→ **WHAT THE TASK REQUIRES**:
Return only what lies between the first line of the entries and the line containing "unfolding l2_closure_def by blast", both lines included.

→ **GIVEN DATA**:

lemma l2_adj_shift_op:
  assumes "finite J"
  shows "l2_adj (op_graph fin_span (shift_op J c d)) = maximal_graph (shift_op_adj J c d)"
proof (intro set_eqI iffI)
  fix x assume "x \<in> l2_adj (op_graph fin_span (shift_op J c d))"
  then obtain g h where x: "x = (g, h)" "g \<in> l2" "h \<in> l2"
    and adj: "\<And>f. f \<in> fin_span \<Longrightarrow> l2_inner g (shift_op J c d f) = l2_inner h f"
    by (auto simp: l2_adj_def op_graph_def)
  then have "h = shift_op_adj J c d g" by (intro shift_op_adj_unique assms) auto
  then show "x \<in> maximal_graph (shift_op_adj J c d)"
    using x by (simp add: maximal_graph_def op_graph_def)
next
  fix x assume "x \<in> maximal_graph (shift_op_adj J c d)"
  then show "x \<in> l2_adj (op_graph fin_span (shift_op J c d))"
    using l2_inner_shift_op[OF assms] by (auto simp: maximal_graph_def op_graph_def l2_adj_def)
qed

lemma fin_span_subset_dom_l2_adj_shift_op:
  fixes d :: "'j \<Rightarrow> 'a::ab_group_add"
  assumes "finite J"
  shows "fin_span \<subseteq> op_dom (l2_adj (op_graph fin_span (shift_op J c d)))"
proof
  fix f :: "'a \<Rightarrow> complex" assume f: "f \<in> fin_span"
  have "shift_op_adj J c d f \<in> fin_span"
    unfolding shift_op_adj_def by (rule shift_op_fin_span[OF assms f])
  then have "(f, shift_op_adj J c d f) \<in> maximal_graph (shift_op_adj J c d)"
    using f by (auto simp: maximal_graph_def op_graph_def fin_span_in_l2)
  then show "f \<in> op_dom (l2_adj (op_graph fin_span (shift_op J c d)))"
    unfolding l2_adj_shift_op[OF assms] op_dom_def by force
qed

lemma l2_closure_shift_op_subset:
  assumes "finite J"
  shows "l2_closure (op_graph fin_span (shift_op J c d)) \<subseteq> maximal_graph (shift_op J c d)"
proof
  fix x assume "x \<in> l2_closure (op_graph fin_span (shift_op J c d))"
  then obtain f k F where x: "x = (f, k)" "f \<in> l2" "k \<in> l2"
    and FG: "\<And>m. F m \<in> op_graph fin_span (shift_op J c d)"
    and lim_f: "(\<lambda>m. l2_norm (\<lambda>y. fst (F m) y - f y)) \<longlonglongrightarrow> 0"
    and lim_k: "(\<lambda>m. l2_norm (\<lambda>y. snd (F m) y - k y)) \<longlonglongrightarrow> 0"
    unfolding l2_closure_def by blast
  have F: "fst (F m) \<in> fin_span" "snd (F m) = shift_op J c d (fst (F m))" for m
    using FG[of m] by (auto simp: op_graph_def)
  have "fst (F m) \<in> l2" "snd (F m) \<in> l2" for m
    using F by (auto intro: fin_span_in_l2 shift_op_fin_span[OF assms])
  then have Ff: "(\<lambda>y. fst (F m) y - f y) \<in> l2" and Fk: "(\<lambda>y. snd (F m) y - k y) \<in> l2" for m
    using x by (auto intro: l2_diff)
  have "k p = shift_op J c d f p" for p
  proof (rule LIMSEQ_unique)
    show "(\<lambda>m. snd (F m) p) \<longlonglongrightarrow> k p" by (rule l2_tendsto_pointwise[OF Fk lim_k])
    have "(\<lambda>m. \<Sum>j\<in>J. c j p * fst (F m) (p + d j)) \<longlonglongrightarrow> (\<Sum>j\<in>J. c j p * f (p + d j))"
      by (intro tendsto_sum tendsto_mult_left l2_tendsto_pointwise[OF Ff lim_f])
    then show "(\<lambda>m. snd (F m) p) \<longlonglongrightarrow> shift_op J c d f p" by (simp add: F shift_op_def)
  qed
  then have "k = shift_op J c d f" by blast
  then show "x \<in> maximal_graph (shift_op J c d)" using x by (auto simp: maximal_graph_def op_graph_def)
qed

lemma subset_l2_closure:
  assumes "G \<subseteq> l2 \<times> l2" shows "G \<subseteq> l2_closure G"
proof
  fix x assume "x \<in> G"
  then show "x \<in> l2_closure G"
    using assms unfolding l2_closure_def by (auto simp: l2_norm_def intro!: exI[where x = "\<lambda>_. x"])
qed

lemma l2_adj_l2_closure:
  assumes "G \<subseteq> l2 \<times> l2"
  shows "l2_adj (l2_closure G) = l2_adj G"
proof
  show "l2_adj (l2_closure G) \<subseteq> l2_adj G"
    using subset_l2_closure[OF assms] by (auto simp: l2_adj_def)
  show "l2_adj G \<subseteq> l2_adj (l2_closure G)"
  proof (clarsimp simp: l2_adj_def)
    fix g h f k assume g: "g \<in> l2" and h: "h \<in> l2" and adj: "\<forall>(f, k)\<in>G. l2_inner g k = l2_inner h f"
      and fk: "(f, k) \<in> l2_closure G"
    then obtain F where F: "\<And>m. F m \<in> G" and f: "f \<in> l2" and k: "k \<in> l2"
      and lim_f: "(\<lambda>m. l2_norm (\<lambda>y. fst (F m) y - f y)) \<longlonglongrightarrow> 0"
      and lim_k: "(\<lambda>m. l2_norm (\<lambda>y. snd (F m) y - k y)) \<longlonglongrightarrow> 0"
      by (auto simp: l2_closure_def)
    have Fl2: "fst (F m) \<in> l2" "snd (F m) \<in> l2" for m using F[of m] assms by auto
    have "(\<lambda>m. l2_inner g (snd (F m))) \<longlonglongrightarrow> l2_inner g k"
      by (rule tendsto_l2_inner_right[OF g Fl2(2) k lim_k])
    moreover have "(\<lambda>m. l2_inner g (snd (F m))) \<longlonglongrightarrow> l2_inner h f"
      using tendsto_l2_inner_right[OF h Fl2(1) f lim_f] adj F by (auto simp: split_beta)
    ultimately show "l2_inner g k = l2_inner h f" by (rule LIMSEQ_unique)
  qed
qed

lemma essentially_self_adjointI:
  assumes "G \<subseteq> l2 \<times> l2" and "fin_span \<subseteq> op_dom G" and "l2_closure G = l2_adj G"
  shows "essentially_self_adjoint G"
  unfolding essentially_self_adjoint_def self_adjoint_def
proof (intro conjI)
  show "l2_closure G \<subseteq> l2 \<times> l2" by (auto simp: l2_closure_def)
  show "l2_dense (op_dom (l2_closure G))"
  proof (rule l2_dense_if_fin_span_subset)
    show "fin_span \<subseteq> op_dom (l2_closure G)"
      using assms(2) subset_l2_closure[OF assms(1)] by (auto simp: op_dom_def)
    show "op_dom (l2_closure G) \<subseteq> l2" by (auto simp: op_dom_def l2_closure_def)
  qed
  show "l2_adj (l2_closure G) = l2_closure G" using assms(3) l2_adj_l2_closure[OF assms(1)] by simp
qed

definition sym_coeff :: "('j \<Rightarrow> 'a \<Rightarrow> complex) \<Rightarrow> ('j \<Rightarrow> 'a::ab_group_add) \<Rightarrow> 'j + 'j \<Rightarrow> 'a \<Rightarrow> complex" where
  "sym_coeff c d = case_sum (\<lambda>j p. c j p / 2) (\<lambda>j p. adj_coeff c d j p / 2)"

definition sym_shift :: "('j \<Rightarrow> 'a::ab_group_add) \<Rightarrow> 'j + 'j \<Rightarrow> 'a" where
  "sym_shift d = case_sum d (\<lambda>j. - d j)"

lemma shift_op_sym:
  assumes "finite J"
  shows "shift_op (J <+> J) (sym_coeff c d) (sym_shift d) f p
    = (shift_op J c d f p + shift_op_adj J c d f p) / 2"
  using assms
  by (simp add: shift_op_def shift_op_adj_def sum.Plus sym_coeff_def sym_shift_def
      sum_divide_distrib add_divide_distrib)

lemma shift_op_adj_sym:
  assumes "finite J"
  shows "shift_op_adj (J <+> J) (sym_coeff c d) (sym_shift d)
    = shift_op (J <+> J) (sym_coeff c d) (sym_shift d)"
proof (intro ext)
  fix f p
  have "shift_op_adj (J <+> J) (sym_coeff c d) (sym_shift d) f p
      = (shift_op_adj J c d f p + shift_op J c d f p) / 2"
    using assms
    by (simp add: shift_op_def shift_op_adj_def sum.Plus sym_coeff_def sym_shift_def adj_coeff_def
        sum_divide_distrib add_divide_distrib)
  then show "shift_op_adj (J <+> J) (sym_coeff c d) (sym_shift d) f p
      = shift_op (J <+> J) (sym_coeff c d) (sym_shift d) f p"
    by (simp add: shift_op_sym[OF assms] add.commute)
qed

section \<open>Essential self-adjointness under a growth condition\<close>

definition cutoff :: "real \<Rightarrow> real \<Rightarrow> real" where
  "cutoff R t = min 1 (max 0 (2 - t / R))"

lemma cutoff_bounds: "0 \<le> cutoff R t" "cutoff R t \<le> 1"
  by (auto simp: cutoff_def)

lemma cutoff_eq_1: "0 < R \<Longrightarrow> t \<le> R \<Longrightarrow> cutoff R t = 1"
  by (auto simp: cutoff_def field_simps)

lemma cutoff_eq_0: "0 < R \<Longrightarrow> 2 * R \<le> t \<Longrightarrow> cutoff R t = 0"
  by (auto simp: cutoff_def field_simps)

lemma cutoff_Lipschitz:
  assumes "0 < R" shows "\<bar>cutoff R a - cutoff R b\<bar> \<le> \<bar>a - b\<bar> / R"
proof -
  have "\<bar>cutoff R a - cutoff R b\<bar> \<le> \<bar>(2 - a / R) - (2 - b / R)\<bar>"
    unfolding cutoff_def by (auto simp: min_def max_def)
  also have "(2 - a / R) - (2 - b / R) = (b - a) / R" by (simp add: diff_divide_distrib)
  also have "\<bar>(b - a) / R\<bar> = \<bar>a - b\<bar> / R" using assms by (simp add: abs_minus_commute)
  finally show ?thesis .
qed

lemma cutoff_complement_le:
  assumes "0 < R" and "0 \<le> L"
  shows "(cmod (of_real (1 - cutoff R t) * z))\<^sup>2 \<le> (if R - L < t then (cmod z)\<^sup>2 else 0)"
proof (cases "t \<le> R")
  case True
  then show ?thesis using assms by (simp add: cutoff_eq_1)
next
  case False
  have "\<bar>1 - cutoff R t\<bar> \<le> 1" using cutoff_bounds[of R t] by simp
  then have "(cmod (of_real (1 - cutoff R t) * z))\<^sup>2 \<le> (cmod z)\<^sup>2"
    by (simp add: norm_mult mult_left_le_one_le power_mono del: of_real_diff)
  then show ?thesis using False assms(2) by simp
qed

lemma l2_cutoff_complement:
  assumes f: "f \<in> l2" and R: "0 < R" and L: "0 \<le> L"
  shows "(\<lambda>x. of_real (1 - cutoff R (\<phi> x)) * f x) \<in> l2"
    and "l2_norm (\<lambda>x. of_real (1 - cutoff R (\<phi> x)) * f x)
           \<le> sqrt (\<Sum>\<^sub>\<infinity>x. if R - L < \<phi> x then (cmod (f x))\<^sup>2 else 0)"
proof -
  have tail: "(\<lambda>x. if R - L < \<phi> x then (cmod (f x))\<^sup>2 else 0) summable_on UNIV"
    by (rule summable_on_comparison_test[OF l2_normsq_summable[OF f]]) auto
  note le = cutoff_complement_le[OF R L, of "\<phi> _" "f _"]
  show "(\<lambda>x. of_real (1 - cutoff R (\<phi> x)) * f x) \<in> l2" by (rule l2_dominated(1)[OF tail le])
  show "l2_norm (\<lambda>x. of_real (1 - cutoff R (\<phi> x)) * f x)
      \<le> sqrt (\<Sum>\<^sub>\<infinity>x. if R - L < \<phi> x then (cmod (f x))\<^sup>2 else 0)"
    by (rule real_le_rsqrt, rule l2_dominated(2)[OF tail le])
qed

lemma divide_one_plus_bounds:
  fixes M e :: real
  assumes "0 \<le> M" and "0 < e"
  shows "0 < e / (1 + M)" and "e / (1 + M) \<le> e" and "M * (e / (1 + M)) < e"
proof -
  have pos: "0 < 1 + M" using assms(1) by simp
  show "0 < e / (1 + M)" using assms(2) pos by simp
  show "e / (1 + M) \<le> e" using pos assms by (simp add: divide_le_eq algebra_simps)
  show "M * (e / (1 + M)) < e" using pos assms(2) by (simp add: divide_less_eq)
qed

locale shift_op_growth =
  fixes J :: "'j set" and c :: "'j \<Rightarrow> 'a::ab_group_add \<Rightarrow> complex" and d :: "'j \<Rightarrow> 'a"
    and \<rho> \<kappa> :: "'a \<Rightarrow> real" and L C :: real
  assumes finite_J: "finite J"
    and \<kappa>_shift: "\<And>j p. j \<in> J \<Longrightarrow> \<kappa> (p + d j) = \<kappa> p"
    and \<rho>_shift: "\<And>j p. j \<in> J \<Longrightarrow> \<bar>\<rho> (p + d j) - \<rho> p\<bar> \<le> L"
    and coeff_growth: "\<And>j p. j \<in> J \<Longrightarrow> (cmod (c j p))\<^sup>2 \<le> C * (1 + \<rho> p)\<^sup>2 * \<kappa> p"
    and \<rho>_nonneg: "\<And>p. 0 \<le> \<rho> p" and \<kappa>_nonneg: "\<And>p. 0 \<le> \<kappa> p"
    and L_nonneg: "0 \<le> L" and C_nonneg: "0 \<le> C"
begin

→ **TASK ANSWER**:
lemma l2_adj_shift_op:
  assumes "finite J"
  shows "l2_adj (op_graph fin_span (shift_op J c d)) = maximal_graph (shift_op_adj J c d)"
proof (intro set_eqI iffI)
  fix x assume "x \<in> l2_adj (op_graph fin_span (shift_op J c d))"
  then obtain g h where x: "x = (g, h)" "g \<in> l2" "h \<in> l2"
    and adj: "\<And>f. f \<in> fin_span \<Longrightarrow> l2_inner g (shift_op J c d f) = l2_inner h f"
    by (auto simp: l2_adj_def op_graph_def)
  then have "h = shift_op_adj J c d g" by (intro shift_op_adj_unique assms) auto
  then show "x \<in> maximal_graph (shift_op_adj J c d)"
    using x by (simp add: maximal_graph_def op_graph_def)
next
  fix x assume "x \<in> maximal_graph (shift_op_adj J c d)"
  then show "x \<in> l2_adj (op_graph fin_span (shift_op J c d))"
    using l2_inner_shift_op[OF assms] by (auto simp: maximal_graph_def op_graph_def l2_adj_def)
qed

lemma fin_span_subset_dom_l2_adj_shift_op:
  fixes d :: "'j \<Rightarrow> 'a::ab_group_add"
  assumes "finite J"
  shows "fin_span \<subseteq> op_dom (l2_adj (op_graph fin_span (shift_op J c d)))"
proof
  fix f :: "'a \<Rightarrow> complex" assume f: "f \<in> fin_span"
  have "shift_op_adj J c d f \<in> fin_span"
    unfolding shift_op_adj_def by (rule shift_op_fin_span[OF assms f])
  then have "(f, shift_op_adj J c d f) \<in> maximal_graph (shift_op_adj J c d)"
    using f by (auto simp: maximal_graph_def op_graph_def fin_span_in_l2)
  then show "f \<in> op_dom (l2_adj (op_graph fin_span (shift_op J c d)))"
    unfolding l2_adj_shift_op[OF assms] op_dom_def by force
qed

lemma l2_closure_shift_op_subset:
  assumes "finite J"
  shows "l2_closure (op_graph fin_span (shift_op J c d)) \<subseteq> maximal_graph (shift_op J c d)"
proof
  fix x assume "x \<in> l2_closure (op_graph fin_span (shift_op J c d))"
  then obtain f k F where x: "x = (f, k)" "f \<in> l2" "k \<in> l2"
    and FG: "\<And>m. F m \<in> op_graph fin_span (shift_op J c d)"
    and lim_f: "(\<lambda>m. l2_norm (\<lambda>y. fst (F m) y - f y)) \<longlonglongrightarrow> 0"
    and lim_k: "(\<lambda>m. l2_norm (\<lambda>y. snd (F m) y - k y)) \<longlonglongrightarrow> 0"
    unfolding l2_closure_def by blast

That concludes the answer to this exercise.